Recently, the icu4x project had a bit of a debate about whether our crates should be icu_foo
or icu-foo
. The primary motivating factor for both sides was not aesthetics, rather it was what people will default to. icu-foo
was motivated with the argument that dashes are what most people typically default to, whereas icu_foo
was motivated with the argument that newcomers who may not be 100% familiar with the dash-to-underscore conversion that happens before Rust code sees the crate name, and it's better to be consistent for them. Rather belatedly, we realized that we had already published an icu-locale
crate, effectively locking us in to dashes (or picking a new name for the locale crate) if we want internal consistency.
I'd been thinking about this for a while, but this incident really motivated me to finally post this pre-RFC.
Summary
Crates.io, cargo, and docs.rs will treat crate names as identical under transformations where dashes and slashes are replaced.
Crates will still have a canonical name that uses dashes or slashes, but it only matters for presentation.
Motivation
Crates.io already prevents you from publishing foo_bar
when foo-bar
already exists (and vice versa). The equivalence class of crate names under replacement between dashes and underscores already uniquely defines a single crate. Crates.io and docs.rs already perform redirects.
However, every time I type a crate name in Cargo.toml I need to remember whether the crate uses dashes or underscores. This is annoying and rather unnecessary.
New projects are also forced to make a choice between dashes and underscores, and most of the tradeoffs there have to do with the choice that people will pick first (to minimize friction when working with this crate). Dashes are more of a typical default pick, but new Rustaceans not aware of the dash-to-underscore conversion may first try underscores.

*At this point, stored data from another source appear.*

(* Let $k\ge 1$, and let $E_k$, $\oplus$, $\mathcal A_k$ be as in the context. Then: (i) $(E_k,\oplus,\emptyset,\Gamma^k)$ is an effect algebra, and every element of $\mathcal A_k$ belongs to $E_k$. (ii) For every state $\rho$ on $E_k$, the function $P_\rho(\alpha_1\dots\alpha_k\mid a_1\dots a_k)=\rho\big([a_1\alpha_1]\times\cdots\times[a_k\alpha_k]\big)$ is a PR-state (in particular it satisfies the no-signaling condition). Conversely, for every PR-state $P$ there is a unique state $\rho_P$ on $E_k$ with $\rho_P\big([a_1\alpha_1]\times\cdots\times[a_k\alpha_k]\big)=P(\alpha_1\dots\alpha_k\mid a_1\dots a_k)$ for all inputs and outputs; it is given by $\rho_P(q_1\cup\dots\cup q_n)=\sum_{i=1}^n\rho_P(q_i)$ for any decomposition of an element of $E_k$ into pairwise disjoint $q_i\in\mathcal A_k$, and this value does not depend on the chosen decomposition. Hence $\rho\mapsto P_\rho$ is a bijection between the set of states on $E_k$ and the set of PR-states of the $k$-box model.
   Context: Fix an integer $N\ge1$ (number of inputs) and nonempty finite sets $\mathcal U_1,\dots,\mathcal U_N$ ($\mathcal U_a$ is the set of outputs for input $a$). Put $\Gamma=\mathcal U_1\times\cdots\times\mathcal U_N$. For $a\in\{1,\dots,N\}$ and $\mathcal A\subseteq\mathcal U_a$ let $[a\in\mathcal A]=\{\gamma\in\Gamma:\gamma_a\in\mathcal A\}$ and $[a\alpha]=[a\in\{\alpha\}]$. For $k\ge1$ let $\mathcal A_k=\{[a_1\alpha_1]\times\cdots\times[a_k\alpha_k]\subseteq\Gamma^k : a_i\in\{1,\dots,N\},\ \alpha_i\in\mathcal U_{a_i}\}$. Call a subset of $\Gamma^k$ decomposable if it is a union of pairwise disjoint members of $\mathcal A_k$ (the empty union, giving $\emptyset$, is allowed). Let $E_k$ be the family of all $p\subseteq\Gamma^k$ such that both $p$ and $\Gamma^k\setminus p$ are decomposable. For $p,q\in E_k$, $p\oplus q$ is defined iff $p\cap q=\emptyset$ and $\Gamma^k\setminus(p\cup q)$ is decomposable, and then $p\oplus q=p\cup q$. An effect algebra is a set $E$ with a partial binary operation $\oplus$ and elements $0,1$ such that: (E1) if $p\oplus q$ is defined then $q\oplus p$ is defined and equal; (E2) if $q\oplus r$ and $p\oplus(q\oplus r)$ are defined then $p\oplus q$ and $(p\oplus q)\oplus r$ are defined and $p\oplus(q\oplus r)=(p\oplus q)\oplus r$; (E3) for each $p$ there is a unique $q$ with $p\oplus q=1$; (E4) if $p\oplus1$ is defined then $p=0$. A state on an effect algebra is a map $\rho:E\to[0,1]$ with $\rho(1)=1$ and $\rho(p_1\oplus\dots\oplus p_n)=\sum_i\rho(p_i)$ whenever the left side is defined. A PR-state of the $k$-box model is a function $P(\alpha_1\dots\alpha_k\mid a_1\dots a_k)\ge0$, defined for $a_i\in\{1,\dots,N\}$, $\alpha_i\in\mathcal U_{a_i}$, such that for each input tuple $\sum_{\alpha_1,\dots,\alpha_k}P(\alpha_1\dots\alpha_k\mid a_1\dots a_k)=1$, and satisfying no-signaling: for every $i$, every $a_1,\dots,a_k$, every $b_i$ and every fixed $\alpha_j$ ($j\ne i$), $\sum_{\alpha_i\in\mathcal U_{a_i}}P(\alpha_1\dots\alpha_i\dots\alpha_k\mid a_1\dots a_i\dots a_k)=\sum_{\beta_i\in\mathcal U_{b_i}}P(\alpha_1\dots\beta_i\dots\alpha_k\mid a_1\dots b_i\dots a_k)$. *)

theory Defs
  imports Complex_Main "HOL-Library.FuncSet"
begin

text \<open>Inputs are natural numbers in {1..N}; outputs for input a form the finite
nonempty set U a (of an arbitrary type 'o). Gamma^k is modelled by
lists of length k of points of Gamma; input/output tuples are lists of length k.\<close>

definition gam :: "nat \<Rightarrow> (nat \<Rightarrow> 'o set) \<Rightarrow> (nat \<Rightarrow> 'o) set" where
  "gam N U = PiE {1..N} U"

definition gamk :: "nat \<Rightarrow> (nat \<Rightarrow> 'o set) \<Rightarrow> nat \<Rightarrow> (nat \<Rightarrow> 'o) list set" where
  "gamk N U k = {xs. length xs = k \<and> set xs \<subseteq> gam N U}"

definition cylset :: "nat \<Rightarrow> (nat \<Rightarrow> 'o set) \<Rightarrow> nat \<Rightarrow> 'o set \<Rightarrow> (nat \<Rightarrow> 'o) set" where
  "cylset N U a A = {\<gamma> \<in> gam N U. \<gamma> a \<in> A}"

definition cyl :: "nat \<Rightarrow> (nat \<Rightarrow> 'o set) \<Rightarrow> nat \<Rightarrow> 'o \<Rightarrow> (nat \<Rightarrow> 'o) set" where
  "cyl N U a \<alpha> = cylset N U a {\<alpha>}"

definition inputs :: "nat \<Rightarrow> nat \<Rightarrow> nat list set" where
  "inputs N k = {as. length as = k \<and> (\<forall>i<k. as ! i \<in> {1..N})}"

definition outs :: "(nat \<Rightarrow> 'o set) \<Rightarrow> nat list \<Rightarrow> 'o list set" where
  "outs U as = {al. length al = length as \<and> (\<forall>i<length as. al ! i \<in> U (as ! i))}"

definition IO :: "nat \<Rightarrow> (nat \<Rightarrow> 'o set) \<Rightarrow> nat \<Rightarrow> (nat list \<times> 'o list) set" where
  "IO N U k = {(as, al). as \<in> inputs N k \<and> al \<in> outs U as}"

definition box :: "nat \<Rightarrow> (nat \<Rightarrow> 'o set) \<Rightarrow> nat list \<Rightarrow> 'o list \<Rightarrow> (nat \<Rightarrow> 'o) list set" where
  "box N U as al = {xs. length xs = length as \<and> (\<forall>i<length as. xs ! i \<in> cyl N U (as ! i) (al ! i))}"

definition Ak :: "nat \<Rightarrow> (nat \<Rightarrow> 'o set) \<Rightarrow> nat \<Rightarrow> (nat \<Rightarrow> 'o) list set set" where
  "Ak N U k = {box N U as al | as al. (as, al) \<in> IO N U k}"

definition decomposable :: "nat \<Rightarrow> (nat \<Rightarrow> 'o set) \<Rightarrow> nat \<Rightarrow> (nat \<Rightarrow> 'o) list set \<Rightarrow> bool" where
  "decomposable N U k p = (\<exists>F. F \<subseteq> Ak N U k \<and> pairwise disjnt F \<and> \<Union>F = p)"

definition Ek :: "nat \<Rightarrow> (nat \<Rightarrow> 'o set) \<Rightarrow> nat \<Rightarrow> (nat \<Rightarrow> 'o) list set set" where
  "Ek N U k = {p. p \<subseteq> gamk N U k \<and> decomposable N U k p \<and> decomposable N U k (gamk N U k - p)}"

text \<open>partial operation: None = undefined\<close>
definition oplusk :: "nat \<Rightarrow> (nat \<Rightarrow> 'o set) \<Rightarrow> nat \<Rightarrow> (nat \<Rightarrow> 'o) list set \<Rightarrow> (nat \<Rightarrow> 'o) list set
    \<Rightarrow> (nat \<Rightarrow> 'o) list set option" where
  "oplusk N U k p q =
     (if p \<inter> q = {} \<and> decomposable N U k (gamk N U k - (p \<union> q)) then Some (p \<union> q) else None)"

definition effect_algebra :: "'a set \<Rightarrow> ('a \<Rightarrow> 'a \<Rightarrow> 'a option) \<Rightarrow> 'a \<Rightarrow> 'a \<Rightarrow> bool" where
  "effect_algebra E f zero one \<longleftrightarrow>
     zero \<in> E \<and> one \<in> E \<and>
     (\<forall>p\<in>E. \<forall>q\<in>E. \<forall>r. f p q = Some r \<longrightarrow> r \<in> E) \<and>
     (\<forall>p\<in>E. \<forall>q\<in>E. \<forall>r. f p q = Some r \<longrightarrow> f q p = Some r) \<and>
     (\<forall>p\<in>E. \<forall>q\<in>E. \<forall>r\<in>E. \<forall>s t. f q r = Some s \<and> f p s = Some t \<longrightarrow>
         (\<exists>u. f p q = Some u \<and> f u r = Some t)) \<and>
     (\<forall>p\<in>E. \<exists>!q. q \<in> E \<and> f p q = Some one) \<and>
     (\<forall>p\<in>E. f p one \<noteq> None \<longrightarrow> p = zero)"

fun osum :: "('a \<Rightarrow> 'a \<Rightarrow> 'a option) \<Rightarrow> 'a list \<Rightarrow> 'a option" where
  "osum f [] = None"
| "osum f [p] = Some p"
| "osum f (p # q # ps) = Option.bind (osum f (q # ps)) (f p)"

definition is_state :: "'a set \<Rightarrow> ('a \<Rightarrow> 'a \<Rightarrow> 'a option) \<Rightarrow> 'a \<Rightarrow> ('a \<Rightarrow> real) \<Rightarrow> bool" where
  "is_state E f one \<rho> \<longleftrightarrow>
     (\<forall>p\<in>E. 0 \<le> \<rho> p \<and> \<rho> p \<le> 1) \<and> \<rho> one = 1 \<and>
     (\<forall>ps s. ps \<noteq> [] \<and> set ps \<subseteq> E \<and> osum f ps = Some s \<longrightarrow> \<rho> s = sum_list (map \<rho> ps))"

text \<open>PR-states: P (as, al) = P(al_1 ... al_k | as_1 ... as_k).\<close>
definition is_PR :: "nat \<Rightarrow> (nat \<Rightarrow> 'o set) \<Rightarrow> nat \<Rightarrow> (nat list \<times> 'o list \<Rightarrow> real) \<Rightarrow> bool" where
  "is_PR N U k P \<longleftrightarrow>
     (\<forall>x\<in>IO N U k. 0 \<le> P x) \<and>
     (\<forall>as\<in>inputs N k. (\<Sum>al\<in>outs U as. P (as, al)) = 1) \<and>
     (\<forall>i<k. \<forall>as\<in>inputs N k. \<forall>b\<in>{1..N}. \<forall>al. length al = k \<and>
         (\<forall>j<k. j \<noteq> i \<longrightarrow> al ! j \<in> U (as ! j)) \<longrightarrow>
         (\<Sum>\<alpha>\<in>U (as ! i). P (as, al[i := \<alpha>])) = (\<Sum>\<beta>\<in>U b. P (as[i := b], al[i := \<beta>])))"

definition PofS :: "nat \<Rightarrow> (nat \<Rightarrow> 'o set) \<Rightarrow> nat \<Rightarrow> ((nat \<Rightarrow> 'o) list set \<Rightarrow> real)
    \<Rightarrow> (nat list \<times> 'o list \<Rightarrow> real)" where
  "PofS N U k \<rho> = restrict (\<lambda>(as, al). \<rho> (box N U as al)) (IO N U k)"

definition States :: "nat \<Rightarrow> (nat \<Rightarrow> 'o set) \<Rightarrow> nat \<Rightarrow> ((nat \<Rightarrow> 'o) list set \<Rightarrow> real) set" where
  "States N U k = {\<rho> \<in> extensional (Ek N U k). is_state (Ek N U k) (oplusk N U k) (gamk N U k) \<rho>}"

definition PRStates :: "nat \<Rightarrow> (nat \<Rightarrow> 'o set) \<Rightarrow> nat \<Rightarrow> (nat list \<times> 'o list \<Rightarrow> real) set" where
  "PRStates N U k = {P \<in> extensional (IO N U k). is_PR N U k P}"

end

theory Submission
  imports Defs "HOL-Library.Disjoint_Sets"
begin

The Rust project so far has not made a stance strongly preferring one or the other, nor does it seem likely, so this problem isn't going anywhere.
It seems to me we can make all of this a moot point by treating them as equivalent in the backends.
Guide-level explanation
Crates with underscores or dashes in their names can be referred to with any name that is equivalent to the original under the replacement of one or more dash/underscore with the other separator. This applies to Cargo.toml, crates.io, and docs.rs.
Reference-level explanation
When published, crates have a canonical name which is their name when published. This crate will have an equivalence class equal to all names that can be formed by replacing one or more -
with _
or vice versa in the crate.
crates.io
and docs.rs
will perform redirects when you visit any name within the equivalence class that is not the canonical name (This is already the case)
Cargo will also treat these crates as equivalent. When traversing the registry trie, it will traverse both underscore and dash options for the crate, picking up the first matching crate it finds. This is technically a breaking change for custom registries (see below), though I'm not sure if people would actually care about that.
Cargo will also treat names within this equivalence class as equivalent when looking for path or git dependencies, i.e. the following is okay:
# ./Cargo.toml
[dependencies]
foo-bar = {path = ../foobar}
# ../foobar/Cargo.toml
[package]
name = "foo_bar"
Cargo will, in its user interface, report the canonical name of the crate.
Drawbacks
It being forbidden to upload an underscore-crate when a dash-crate exists (and vice versa) is not a Cargo feature, it is a crates.io feature. It does not apply to custom registries. Any solution that makes the Cargo codebase itself aware of dashes and underscores may be a breaking change for custom registries.
We could potentially add support for "renames" to the registry format, however this will bloat the set of crates in the registry. Such a feature may eventually be useful for folks wishing to migrate to optional namespacing.
Rationale and alternatives
We could simply not do this, however this confusion seems to crop up a lot.
We could also "solve" this by, as a community, determining that either dashes or underscores is the accepted idiomatic style, and use those for newer crates. Over time this will diminish this problem, and if we ever add support for renames potentially get rid of the problem entirely.
Prior art
This has been in the past discussed at https://github.com/rust-lang/cargo/issues/2775
Unresolved questions
None so far
Future possibilities
It's worth considering the interaction of this feature with Pre-RFC: Packages as Optional Namespaces or whatever namespacing solution we pick. So far it does not clash.
Any solution that involves teaching Cargo about renames may also be useful for supporting renames for smoother migration to namespaced packages.